В Вавилоне соперничали две господствующие силы — жрецы и царь, смертельно ненавидевшие друг друга. Часть знати, в основном представители обедневших аристократических фамилий, поддерживала царя, от которого ожидала наделов за счет отторжения земель, присвоенных Храмовым Городом. Жрецы пользовались доходами с этих угодий, не имея на это прав. Богачи держали сторону Эсагилы, которая позволяла им именем божественного Мардука чинить произвол, окупленный золотыми дарами. Купцы стояли за тех сановников, которые добивались выгодных для них привилегий в торговых делах. Часть образованных людей выступала против Валтасара, при котором искусства и науки пришли в упадок. Одни при этом мечтали о перевороте, надеясь вернуть оттесненного от кормила власти царя Набонида, отца Валтасара, который питал великую любовь к древней халдейской культуре и препятствовал проникновению чужеземных влияний. Другие, недовольные нынешним состоянием культуры, напротив, преклонялись перед искусством соседних народов, считая его более зрелым. Наконец, трудовой люд добивался лишь хлеба насущного и чаял избавления от господских бичей. Именно в простом народе сильнее всего было недовольство, так как страдания его были безмерны, а нужда беспредельна. Оставалась армия, но по всему было видно, что без основательной реорганизации она едва ли способна противостоять армии Кира. К тому же и она не была единой. Половина состояла на службе у царя, другая же половина подчинялась Эсагиле. Такое войско легко ослабить и даже уничтожить, если натравить обе части друг на друга.
— Пока трудно на это рассчитывать, но все может случиться, — добавил Элос последний штрих к нарисованной им убедительной картине общего распада в Вавилоне.
— Мне пришла в голову та же мысль, — живо отозвался Устига. — Ведь Сан-Урри грезит о власти, и теперь, когда он нашел приют и понимание у жрецов, он попытается добиться ее с помощью армии.
— Эсагила же, не колеблясь, выступит против неугодного ей царя, тем более что она рассчитывает на поддержку Кира. Достаточно поджечь одну соломинку — и вспыхнет весь город.

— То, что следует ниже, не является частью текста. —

(* Let $\mathcal G=(\mathcal V,\mathcal E,W)$ be a network, $h\in\mathbb{R}^{\mathcal V}$, and consider the SNC game with binary actions on $\mathcal G$ with external field $h$. Then: (i) the game is an exact potential game if and only if $\mathcal G$ is undirected. Moreover, if $\mathcal G$ is undirected, then: (ii) a function $\Phi:\mathcal X\to\mathbb{R}$ is an exact potential function for the game if and only if there exists a constant $C\in\mathbb{R}$ such that $\Phi(x)=\frac12\sum_{i,j\in\mathcal V}W_{ij}x_ix_j+\sum_{i\in\mathcal V}h_ix_i+C$ for all $x\in\mathcal X$; (iii) there exists a globally BR-stable set $\overline{\mathcal N}$ with $\arg\max_{x\in\mathcal X}\Phi(x)\subseteq\overline{\mathcal N}\subseteq\mathcal N$, where $\Phi(x)=\frac12\sum_{i,j}W_{ij}x_ix_j+\sum_ih_ix_i$ and $\mathcal N$ is the set of Nash equilibria.
   Context: A network is a triple $\mathcal G=(\mathcal V,\mathcal E,W)$ where $\mathcal V$ is a finite nonempty set, $\mathcal E\subseteq\mathcal V\times\mathcal V$, and $W\in\mathbb{R}^{\mathcal V\times\mathcal V}$ has zero diagonal and satisfies $W_{ij}\neq0$ iff $(i,j)\in\mathcal E$ (weights may have either sign). It is undirected if $W=W^T$. The SNC game with binary actions on $\mathcal G$ with external field $h\in\mathbb{R}^{\mathcal V}$ has player set $\mathcal V$, action set $\{-1,+1\}$ for each player, strategy profiles $\mathcal X=\{\pm1\}^{\mathcal V}$, and utilities $u_i(x)=h_ix_i+x_i\sum_{j\in\mathcal V}W_{ij}x_j$. Best responses $\mathcal B_i(x_{-i})=\arg\max_{x_i\in\{\pm1\}}u_i(x_i,x_{-i})$; Nash equilibrium: $x^*_i\in\mathcal B_i(x^*_{-i})$ for all $i$. The game is exact potential with potential $\Phi:\mathcal X\to\mathbb{R}$ if $u_i(y)-u_i(x)=\Phi(y)-\Phi(x)$ whenever $x_{-i}=y_{-i}$. A BR-path of length $l\ge0$ from $x$ to $y$ is a sequence $x^{(0)}=x,\dots,x^{(l)}=y$ such that for each $k$ some player $i_k$ has $x^{(k)}_{-i_k}=x^{(k-1)}_{-i_k}$ and $x^{(k)}_{i_k}\in\mathcal B_{i_k}(x^{(k-1)}_{-i_k})\setminus\{x^{(k-1)}_{i_k}\}$. A set $\mathcal X^*\subseteq\mathcal X$ is globally BR-reachable if from every profile there is a BR-path to some element of $\mathcal X^*$; BR-invariant if there is no BR-path from an element of $\mathcal X^*$ to an element outside; globally BR-stable if both. *)

theory Defs
  imports Complex_Main
begin
lemma abs_weighted_lift_diff_le:
  "\<bar>weighted_lift K z s - weighted_lift K z' s\<bar> \<le> dist z z' * s ^ 2 * bielecki_weight K s"
proof -
  have "\<bar>weighted_lift K z s - weighted_lift K z' s\<bar>
      = s ^ 2 * bielecki_weight K s * dist (apply_bcontfun z s) (apply_bcontfun z' s)"
    by (simp add: weighted_lift_def dist_real_def abs_mult right_diff_distrib[symmetric] less_imp_le)
  also have "\<dots> \<le> s ^ 2 * bielecki_weight K s * dist z z'"
    by (intro mult_left_mono dist_bounded) (simp add: less_imp_le)
  finally show ?thesis by (simp add: algebra_simps)
qed

lemma abs_weighted_lift_le: "\<bar>weighted_lift K z s\<bar> \<le> norm z * s ^ 2 * bielecki_weight K s"
  using abs_weighted_lift_diff_le[of K z s 0] by (simp add: weighted_lift_def dist_norm)

lemma abs_weighted_lift_le_quadratic:
  assumes "K \<ge> 0" "s \<ge> 1"
  shows "\<bar>weighted_lift K z s\<bar> \<le> (norm z * bielecki_weight K 1) * s ^ 2"
proof -
  have "\<bar>weighted_lift K z s\<bar> \<le> norm z * s ^ 2 * bielecki_weight K s"
    by (rule abs_weighted_lift_le)
  also have "\<dots> \<le> norm z * s ^ 2 * bielecki_weight K 1"
    using bielecki_weight_le[OF assms] by (intro mult_left_mono) auto
  finally show ?thesis by (simp add: algebra_simps)
qed

locale decaying_potential =
  fixes b :: "real \<Rightarrow> real" and B :: real
  assumes continuous_on_potential: "continuous_on {1..} b"
    and abs_potential_le: "\<And>s. s \<ge> 1 \<Longrightarrow> \<bar>b s\<bar> \<le> B * exp (-s) / s ^ 4"
begin

lemma potential_constant_nonneg: "B \<ge> 0"
proof -
  have "0 \<le> B * exp (-1)" using abs_potential_le[of 1] by (simp add: order_trans[OF abs_ge_zero])
  then show ?thesis by (simp add: zero_le_mult_iff)
qed

definition tail_sq :: "(real \<Rightarrow> real) \<Rightarrow> real \<Rightarrow> real" where
  "tail_sq v t = integral {t..} (\<lambda>s. s ^ 2 * b s * v s)"

definition tail_inv :: "(real \<Rightarrow> real) \<Rightarrow> real \<Rightarrow> real" where
  "tail_inv v t = integral {t..} (\<lambda>s. b s * v s / s)"

text \<open>Variation of constants with the solutions \<open>t\<^sup>2\<close> and \<open>1/t\<close> of \<open>y'' = 2 y / t\<^sup>2\<close>
  (Wronskian \<open>-3\<close>): \<open>volterra v t\<close> is the integral of \<open>(s\<^sup>2/t - t\<^sup>2/s) b(s) v(s) / 3\<close>
  over \<open>[t, \<infinity>)\<close>.\<close>
definition volterra :: "(real \<Rightarrow> real) \<Rightarrow> real \<Rightarrow> real" where
  "volterra v t = tail_sq v t / (3 * t) - t ^ 2 * tail_inv v t / 3"

definition volterra_deriv :: "(real \<Rightarrow> real) \<Rightarrow> real \<Rightarrow> real" where
  "volterra_deriv v t = - tail_sq v t / (3 * t ^ 2) - 2 * t * tail_inv v t / 3"

lemma abs_mult_potential_le:
  assumes s: "s \<ge> 1" and c: "\<bar>c\<bar> \<le> \<kappa> * s ^ 2" and x: "\<bar>x\<bar> \<le> N * s ^ 2 * F"
  shows "\<bar>c * b s * x\<bar> \<le> \<kappa> * (B * N * F * exp (-s))"
proof -
  have "0 \<le> \<kappa> * s ^ 2" "0 \<le> B * exp (-s) / s ^ 4"
    using c abs_potential_le[OF s] by (auto intro: order_trans[OF abs_ge_zero])
  then have cb: "\<bar>c\<bar> * \<bar>b s\<bar> \<le> (\<kappa> * s ^ 2) * (B * exp (-s) / s ^ 4)"
    using c abs_potential_le[OF s] by (intro mult_mono) auto
  have "\<bar>c * b s * x\<bar> \<le> (\<kappa> * s ^ 2) * (B * exp (-s) / s ^ 4) * (N * s ^ 2 * F)"
    unfolding abs_mult using mult_nonneg_nonneg[OF \<open>0 \<le> \<kappa> * s ^ 2\<close> \<open>0 \<le> B * exp (-s) / s ^ 4\<close>]
    by (intro mult_mono[OF cb x]) simp_all
  also have "\<dots> = \<kappa> * (B * N * F * exp (-s))"
    using s by (simp add: field_simps power2_eq_square power4_eq_xxxx)
  finally show ?thesis .
qed

lemma abs_integral_potential_le:
  fixes c v F :: "real \<Rightarrow> real"
  assumes t: "t \<ge> 1" and c: "continuous_on {t..} c" "\<And>s. s \<ge> t \<Longrightarrow> \<bar>c s\<bar> \<le> \<kappa> * s ^ 2"
    and v: "continuous_on {1..} v" "\<And>s. s \<ge> 1 \<Longrightarrow> \<bar>v s\<bar> \<le> N * s ^ 2 * F s"
    and I: "((\<lambda>s. B * N * F s * exp (-s)) has_integral I) {t..}"
  shows "\<bar>integral {t..} (\<lambda>s. c s * b s * v s)\<bar> \<le> \<kappa> * I"
proof (rule abs_integral_atLeast_le)
  show "continuous_on {t..} (\<lambda>s. c s * b s * v s)"
    using t by (intro continuous_intros c continuous_on_subset[OF continuous_on_potential]
        continuous_on_subset[OF v(1)]) auto
  show "((\<lambda>s. \<kappa> * (B * N * F s * exp (-s))) has_integral \<kappa> * I) {t..}"
    using has_integral_mult_right[OF I] .
  show "\<bar>c s * b s * v s\<bar> \<le> \<kappa> * (B * N * F s * exp (-s))" if "s \<ge> t" for s
    using that t by (intro abs_mult_potential_le c v) auto
qed

lemma abs_volterra_le:
  assumes t: "t \<ge> 1"
    and v: "continuous_on {1..} v" "\<And>s. s \<ge> 1 \<Longrightarrow> \<bar>v s\<bar> \<le> N * s ^ 2 * F s"
    and I: "((\<lambda>s. B * N * F s * exp (-s)) has_integral I) {t..}"
  shows "\<bar>volterra v t\<bar> \<le> 2 * I / 3"
proof -
  have "tail_sq v t / (3 * t) = integral {t..} (\<lambda>s. (s ^ 2 / (3 * t)) * b s * v s)"
    unfolding tail_sq_def by (simp flip: integral_divide)
  also have "\<bar>\<dots>\<bar> \<le> (1/3) * I"
  proof (rule abs_integral_potential_le[OF t _ _ v I])
    show "\<bar>s ^ 2 / (3 * t)\<bar> \<le> 1 / 3 * s ^ 2" if "s \<ge> t" for s
      using that t by (simp add: abs_div field_simps)
  qed (use t in \<open>auto intro!: continuous_intros\<close>)
  finally have sq: "\<bar>tail_sq v t / (3 * t)\<bar> \<le> (1/3) * I" .
  have "t ^ 2 * tail_inv v t / 3 = (t ^ 2 / 3) * tail_inv v t" by simp
  also have "\<dots> = integral {t..} (\<lambda>s. (t ^ 2 / 3) * (b s * v s / s))"
    unfolding tail_inv_def by (rule integral_mult_right[symmetric])
  also have "\<dots> = integral {t..} (\<lambda>s. (t ^ 2 / (3 * s)) * b s * v s)"
    by (rule integral_cong) simp
  also have "\<bar>\<dots>\<bar> \<le> (1/3) * I"
  proof (rule abs_integral_potential_le[OF t _ _ v I])
    show "\<bar>t ^ 2 / (3 * s)\<bar> \<le> 1 / 3 * s ^ 2" if "s \<ge> t" for s
    proof -
      have "t ^ 2 \<le> s ^ 2" using that t by (intro power_mono) auto
      also have "\<dots> \<le> s * s ^ 2" using that t by (simp add: mult_le_cancel_right1)
      finally show ?thesis using that t by (simp add: abs_div field_simps)
    qed
  qed (use t in \<open>auto intro!: continuous_intros\<close>)
  finally have inv: "\<bar>t ^ 2 * tail_inv v t / 3\<bar> \<le> (1/3) * I" .
  show ?thesis
    unfolding volterra_def
    using abs_triangle_ineq4[of "tail_sq v t / (3 * t)" "t ^ 2 * tail_inv v t / 3"] sq inv
    by linarith
qed

context
  fixes v :: "real \<Rightarrow> real" and N :: real
  assumes continuous_v: "continuous_on {1..} v"
    and abs_v_le: "\<And>s. s \<ge> 1 \<Longrightarrow> \<bar>v s\<bar> \<le> N * s ^ 2"
begin

lemma growth_constant_nonneg: "N \<ge> 0"
  using abs_ge_zero[of "v 1"] abs_v_le[of 1] by simp

lemma abs_tail_sq_integrand_le: "s \<ge> 1 \<Longrightarrow> \<bar>s ^ 2 * b s * v s\<bar> \<le> B * N * exp (-s)"
  using abs_mult_potential_le[of s "s ^ 2" 1 "v s" N 1] abs_v_le[of s] by simp

lemma abs_tail_inv_integrand_le:
  assumes s: "s \<ge> 1"
  shows "\<bar>b s * v s / s\<bar> \<le> B * N * exp (-s)"
proof -
  have "\<bar>1 / s\<bar> \<le> 1" "1 \<le> s ^ 2" using s by simp_all
  then have "\<bar>1 / s\<bar> \<le> 1 * s ^ 2" by simp
  from abs_mult_potential_le[OF s this, of "v s" N 1] abs_v_le[OF s] show ?thesis
    by simp
qed

lemma continuous_on_tail_sq_integrand: "continuous_on {1..} (\<lambda>s. s ^ 2 * b s * v s)"
  by (intro continuous_intros continuous_on_potential continuous_v)
(* Let $n\ge1$ and for $J,K\subseteq[n-1]$ set $c(J,K)=\#\{u\in\mathfrak{S}_n:\mathrm{Des}(u)\subseteq J,\ \mathrm{Des}(u^{-1})\supseteq K\}$. Then for all $J,R\subseteq[n-1]$, $$c\big(J,(\widetilde{R})^{c}\big)=c\big(R,(\widetilde{J})^{c}\big).$$ Moreover, with $\Phi\colon QSym^*\to QSym$ as below and $S$ the antipode, $S\Phi(M_J^* )=\Phi S^*(M_J^* )=(-1)^n\sum_{R\subseteq[n-1]}c(J,(\widetilde R)^c)\,M_R$.
   Context: $\mathrm{Des}(u)=\{p\in[n-1]:u_p>u_{p+1}\}$ for $u\in\mathfrak{S}_n$ in one-line notation. For $J\subseteq[n-1]$: $J^c=[n-1]\setminus J$ and $\widetilde{J}=\{i\in[n-1]:n-i\in J\}$. $QSym$ is the Hopf algebra of quasi-symmetric functions with monomial basis $M_J$ ($J\subseteq[n-1]$) and $QSym^*$ its graded dual with dual basis $M_J^*$; $S^*$ is the antipode of $QSym^*$. $\Phi=\mathcal{D}\circ\Theta\circ\mathcal{D}^*$, where $\mathcal{D}\colon\mathfrak{S}Sym\to QSym$, $\mathcal{F}_u\mapsto F_{\mathrm{Des}(u)}$ (with $F_J=\sum_{K\supseteq J}M_K$), $\mathcal{D}^*$ is its dual, and $\Theta\colon(\mathfrak{S}Sym)^*\to\mathfrak{S}Sym$ is $\mathcal{F}^*_u\mapsto\mathcal{F}_{u^{-1}}$, for the Malvenuto–Reutenauer Hopf algebra $\mathfrak{S}Sym$ with fundamental basis $\mathcal{F}_u$. *)

theory Defs
  imports "HOL-Combinatorics.Permutations"
begin

definition perms :: "nat \<Rightarrow> (nat \<Rightarrow> nat) set" where
  "perms n = {u. u permutes {1..n}}"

— А потом пламя перекинется в народ, и пожар охватит все царство.
— Тут-то и явится на помощь персидский лев, чтобы спасти Вавилонию для себя, — от души рассмеялся Забада.
Устига, не устававший говорить о сплоченности, как источнике и оплоте могущества, не преминул добавить:
— Благословенна Персия, где царит всеобщее единодушие. Поистине лишь сплоченный до последнего человека народ может устоять перед любой опасностью. Не по своей ли вине гибнут ослабленные раздорами народы?
И в наступившей тишине задумчиво добавил:
— Удивительно, что Сан-Урри предал Набусардара в такой серьезный момент.
— Эсагила обещала поставить его на место Набусардара, как только того удастся убрать. Вот откуда столько болезненного нетерпения в поступках Сан-Урри. Он рвется к власти и ради достижения своей цели готов прикончить не только Набусардара, но и самого царя.